The OPTIONAL components are only required to run the track 2 and track 4 recipes.

Additionally, you will need to obtain the relevant data releases from LDC and University of Sheffield:

  • DIHARD II development set (LDC2019E31)

  • DIHARD II evaluation set (LDC2019E32)

  • CHiME-5 training, development, and evaluation sets

For instructions on obtaining these sets, please consult the DIHARD II website.

Installation

To install the baseline and all its prerequisites, clone the repo:

git clone https://github.com/iiscleap/DIHARD_2019_baseline_alltracks.git

And run the the installation scripts in the tools/ directory:

cd DIHARD_2019_baseline_alltracks/tools
./install_kaldi.sh
./install_dscore.sh
./install_den.sh

If you do not intend to run the track 2 or track 4 recipes, you may omit the call to install_den.sh.

Please check the output of these scripts to ensure that installation has succeeded. If succesful, you should see Successfully installed {Kaldi,dscore,denoising/VAD software}. printed at the end. If installation of a component fails, please consult the output of the relevant installation script for additional details.

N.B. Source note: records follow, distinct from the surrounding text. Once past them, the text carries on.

definition join_irreducibles :: "bool list set \<Rightarrow> bool list set" where
  "join_irreducibles L = {x \<in> L. card {y. covers L x y} = 1}"

definition meet_irreducibles :: "bool list set \<Rightarrow> bool list set" where
  "meet_irreducibles L = {x \<in> L. card {y. covers L y x} = 1}"

definition extremal :: "bool list set \<Rightarrow> bool" where
  "extremal L \<longleftrightarrow> poset_length L = card (join_irreducibles L)
                 \<and> poset_length L = card (meet_irreducibles L)"

definition join :: "bool list set \<Rightarrow> bool list \<Rightarrow> bool list \<Rightarrow> bool list" where
  "join L x y = (THE z. z \<in> L \<and> leq x z \<and> leq y z \<and> (\<forall>w\<in>L. leq x w \<and> leq y w \<longrightarrow> leq z w))"

definition meet :: "bool list set \<Rightarrow> bool list \<Rightarrow> bool list \<Rightarrow> bool list" where
  "meet L x y = (THE z. z \<in> L \<and> leq z x \<and> leq z y \<and> (\<forall>w\<in>L. leq w x \<and> leq w y \<longrightarrow> leq w z))"

definition left_modular :: "bool list set \<Rightarrow> bool list \<Rightarrow> bool" where
  "left_modular L a \<longleftrightarrow> (\<forall>b\<in>L. \<forall>c\<in>L. lt b c \<longrightarrow>
      meet L (join L b a) c = join L b (meet L a c))"

end

theory Submission
  imports Defs
begin

(* The number of True bits strictly
   increases along a chain, so the length of L is at most n; each doubling at [p,q] lifts the old
   join-irreducibles and adds the new one (p,1), so L has at least n join-irreducibles.
   Extremality therefore makes every maximal chain have n + 1 elements. Such a chain of
   L[[p,q]] projects onto a maximal chain of L, and since it has one element more it contains
   both copies (x,0) and (x,1) of some x in [p,q]; hence p <= a for each element (a,1) of the
   chain. Left modularity of (a,alpha) then follows from that of a, by induction on n: joins in
   L[[p,q]] are componentwise, and the meet of (a,alpha) and (c,gamma) is the meet m of a and c
   with top bit alpha & gamma & [m lies in the upper copy]. *)

lemma leq_Cons [simp]: "leq (b # x) (c # y) \<longleftrightarrow> b \<le> c \<and> leq x y"
  by (simp add: leq_def)

lemma leq_refl [simp]: "leq x x"
  by (simp add: leq_def list.rel_refl)

lemma leq_trans: "leq x y \<Longrightarrow> leq y z \<Longrightarrow> leq x z"
  unfolding leq_def by (rule list_all2_trans[OF order_trans])

lemma leq_antisym: "leq x y \<Longrightarrow> leq y x \<Longrightarrow> x = y"
  unfolding leq_def by (rule list_all2_antisym) auto

fun sup_bits :: "bool list \<Rightarrow> bool list \<Rightarrow> bool list" where
  "sup_bits (a # x) (b # y) = (a \<or> b) # sup_bits x y"
| "sup_bits _ _ = []"

lemma sup_bits_upper1: "length x = length y \<Longrightarrow> leq x (sup_bits x y)"
  by (induct x y rule: sup_bits.induct) auto

lemma sup_bits_upper2: "length x = length y \<Longrightarrow> leq y (sup_bits x y)"
  by (induct x y rule: sup_bits.induct) auto

lemma sup_bits_least: "leq x w \<Longrightarrow> leq y w \<Longrightarrow> leq (sup_bits x y) w"
  by (induct x y arbitrary: w rule: sup_bits.induct) (auto simp: leq_def list_all2_Cons1)

definition is_inf :: "bool list set \<Rightarrow> bool list \<Rightarrow> bool list \<Rightarrow> bool list \<Rightarrow> bool" where
  "is_inf L x y z \<longleftrightarrow>
    z \<in> L \<and> leq z x \<and> leq z y \<and> (\<forall>w\<in>L. leq w x \<and> leq w y \<longrightarrow> leq w z)"

lemma meet_eqI: "is_inf L x y z \<Longrightarrow> meet L x y = z"
  unfolding meet_def is_inf_def by (rule the_equality) (auto intro: leq_antisym)

lemma join_eqI: "length x = length y \<Longrightarrow> sup_bits x y \<in> L \<Longrightarrow> join L x y = sup_bits x y"
  unfolding join_def
  by (rule the_equality) (auto intro: leq_antisym sup_bits_upper1 sup_bits_upper2 sup_bits_least)

definition in_upper :: "bool list \<Rightarrow> bool list \<Rightarrow> bool list \<Rightarrow> bool" where
  "in_upper p q x \<longleftrightarrow> \<not> leq x q \<or> leq p x"

lemma in_upper_mono: "in_upper p q x \<Longrightarrow> leq x y \<Longrightarrow> in_upper p q y"
  unfolding in_upper_def by (meson leq_trans)

lemma Cons_mem_doubling_interval:
  assumes "q \<in> L" "leq p q"
  shows "b # x \<in> doubling L (interval L p q) \<longleftrightarrow>
    x \<in> L \<and> (if b then in_upper p q x else leq x q)"
proof -
  have down: "down_set L (interval L p q) = {y \<in> L. leq y q}"
    using assms unfolding down_set_def interval_def by (auto intro: leq_trans)
  show ?thesis
    unfolding doubling_def down by (auto simp: in_upper_def interval_def)
qed

lemma doubling_interval_memE:
  assumes "w \<in> doubling L (interval L p q)" "q \<in> L" "leq p q"
  obtains b x where "w = b # x" "x \<in> L" "if b then in_upper p q x else leq x q"
proof -
  from assms(1) obtain b x where w: "w = b # x"
    unfolding doubling_def by auto
  with assms(1) have "x \<in> L \<and> (if b then in_upper p q x else leq x q)"
    by (simp add: Cons_mem_doubling_interval[OF assms(2,3)])
  with w that show ?thesis
    by blast
qed

lemma interval_subset: "interval L p q \<subseteq> L"
  by (auto simp: interval_def)

lemma finite_doubling: "finite L \<Longrightarrow> finite C \<Longrightarrow> finite (doubling L C)"
  by (simp add: doubling_def down_set_def)

lemma length_doubling:
  "(\<forall>x\<in>L. length x = n) \<Longrightarrow> C \<subseteq> L \<Longrightarrow> w \<in> doubling L C \<Longrightarrow> length w = Suc n"
  by (auto simp: doubling_def down_set_def)

lemma sup_bits_mem_doubling:
  assumes "q \<in> L" "leq p q"
    and "b # x \<in> doubling L (interval L p q)" "c # y \<in> doubling L (interval L p q)"
    and "length x = length y" "sup_bits x y \<in> L"
  shows "(b \<or> c) # sup_bits x y \<in> doubling L (interval L p q)"
proof -
  note mem = Cons_mem_doubling_interval[OF assms(1,2)]
  have "if b \<or> c then in_upper p q (sup_bits x y) else leq (sup_bits x y) q"
    using assms(3,4) in_upper_mono sup_bits_upper1[OF assms(5)] sup_bits_upper2[OF assms(5)]
      sup_bits_least
    unfolding mem by (auto split: if_splits)
  then show ?thesis
    using assms(6) mem by simp
qed

lemma is_inf_doubling:
  assumes "q \<in> L" "leq p q" and m: "is_inf L x y m"
    and "b # x \<in> doubling L (interval L p q)" "c # y \<in> doubling L (interval L p q)"
  shows "is_inf (doubling L (interval L p q)) (b # x) (c # y) ((b \<and> c \<and> in_upper p q m) # m)"
proof -
  define L' where "L' = doubling L (interval L p q)"
  note mem = Cons_mem_doubling_interval[OF assms(1,2), folded L'_def]
  define bit where "bit = (b \<and> c \<and> in_upper p q m)"
  have mL: "m \<in> L" and mx: "leq m x" and my: "leq m y"
    using m unfolding is_inf_def by auto
  have "b \<Longrightarrow> in_upper p q x" "\<not> b \<Longrightarrow> leq x q" "c \<Longrightarrow> in_upper p q y" "\<not> c \<Longrightarrow> leq y q"
    using assms(4,5) unfolding L'_def[symmetric] mem by auto
  then have "leq m q" if "\<not> bit"
    using that mx my leq_trans unfolding bit_def in_upper_def by blast
  then have "bit # m \<in> L'"
    using mL mem unfolding bit_def by auto
  moreover have "leq w (bit # m)" if "w \<in> L'" "leq w (b # x)" "leq w (c # y)" for w
  proof -
    obtain d z where w: "w = d # z" "z \<in> L" "if d then in_upper p q z else leq z q"
      using doubling_interval_memE \<open>w \<in> L'\<close> assms(1,2) unfolding L'_def by metis
    then have "leq z m"
      using m that unfolding is_inf_def by auto
    moreover have "d \<longrightarrow> bit"
      using w that in_upper_mono \<open>leq z m\<close> unfolding bit_def by auto
    ultimately show ?thesis
      using w by auto
  qed
  ultimately show ?thesis
    using mx my unfolding is_inf_def L'_def bit_def by auto
qed

inductive cu_doubling_steps :: "nat \<Rightarrow> bool list set \<Rightarrow> bool" where
  base: "cu_doubling_steps 0 {[]}"
| step: "cu_doubling_steps n L \<Longrightarrow> p \<in> L \<Longrightarrow> q \<in> L \<Longrightarrow> leq p q
          \<Longrightarrow> cu_doubling_steps (Suc n) (doubling L (interval L p q))"

lemma cu_doubling_steps_exists: "cu_doubling L \<Longrightarrow> \<exists>n. cu_doubling_steps n L"
  by (induct rule: cu_doubling.induct) (auto intro: cu_doubling_steps.intros)

lemma cu_doubling_steps_finite: "cu_doubling_steps n L \<Longrightarrow> finite L"
  by (induct rule: cu_doubling_steps.induct)
    (simp_all add: finite_doubling finite_subset[OF interval_subset])

lemma cu_doubling_steps_length: "cu_doubling_steps n L \<Longrightarrow> x \<in> L \<Longrightarrow> length x = n"
proof (induct arbitrary: x rule: cu_doubling_steps.induct)
  case (step n L p q)
  then show ?case
    using length_doubling[OF _ interval_subset] by blast
qed simp

lemma cu_doubling_steps_sup_closed:
  "cu_doubling_steps n L \<Longrightarrow> x \<in> L \<Longrightarrow> y \<in> L \<Longrightarrow> sup_bits x y \<in> L"
proof (induct arbitrary: x y rule: cu_doubling_steps.induct)
  case base
  then show ?case by simp
next
  case (step n L p q)
  from step.prems step.hyps(4,5) obtain b x' c y'
    where "x = b # x'" "y = c # y'" "x' \<in> L" "y' \<in> L"
    by (metis doubling_interval_memE)
  then show ?case
    using step sup_bits_mem_doubling cu_doubling_steps_length by simp
qed

lemma cu_doubling_steps_is_inf:
  "cu_doubling_steps n L \<Longrightarrow> x \<in> L \<Longrightarrow> y \<in> L \<Longrightarrow> \<exists>z. is_inf L x y z"
proof (induct arbitrary: x y rule: cu_doubling_steps.induct)
  case base
  then show ?case by (auto simp: is_inf_def)
next
  case (step n L p q)
  from step.prems step.hyps(4,5) obtain b x' c y'
    where "x = b # x'" "y = c # y'" "x' \<in> L" "y' \<in> L"
    by (metis doubling_interval_memE)
  moreover obtain m where "is_inf L x' y' m"
    using step.hyps(2) \<open>x' \<in> L\<close> \<open>y' \<in> L\<close> by blast
  ultimately show ?case
    using is_inf_doubling[OF step.hyps(4,5)] step.prems by blast
qed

NOTE that by default Kaldi scripts are configured for execution on a grid using a submission engine such as SGE or Slurm. If you are running the recipes on a single machine, make sure to edit tools/kaldi/egs/dihard_2018/v2/cmd.sh so that the line

export train_cmd="queue.pl"

reads

export train_cmd="run.pl"

If you are a Kaldi novice, please consult the following for additional documentation:

Running the baseline

We include full recipes for reproducing the baseline results for all four DIHARD II tracks:

  • Track 1 — Diarization from single channel audio using reference SAD.
  • Track 2 — Diarization from single channel audio using system SAD.
  • Track 3 — Diarization from multichannel audio using reference SAD.
  • Track 4 — Diarization from multichannel audio using system SAD.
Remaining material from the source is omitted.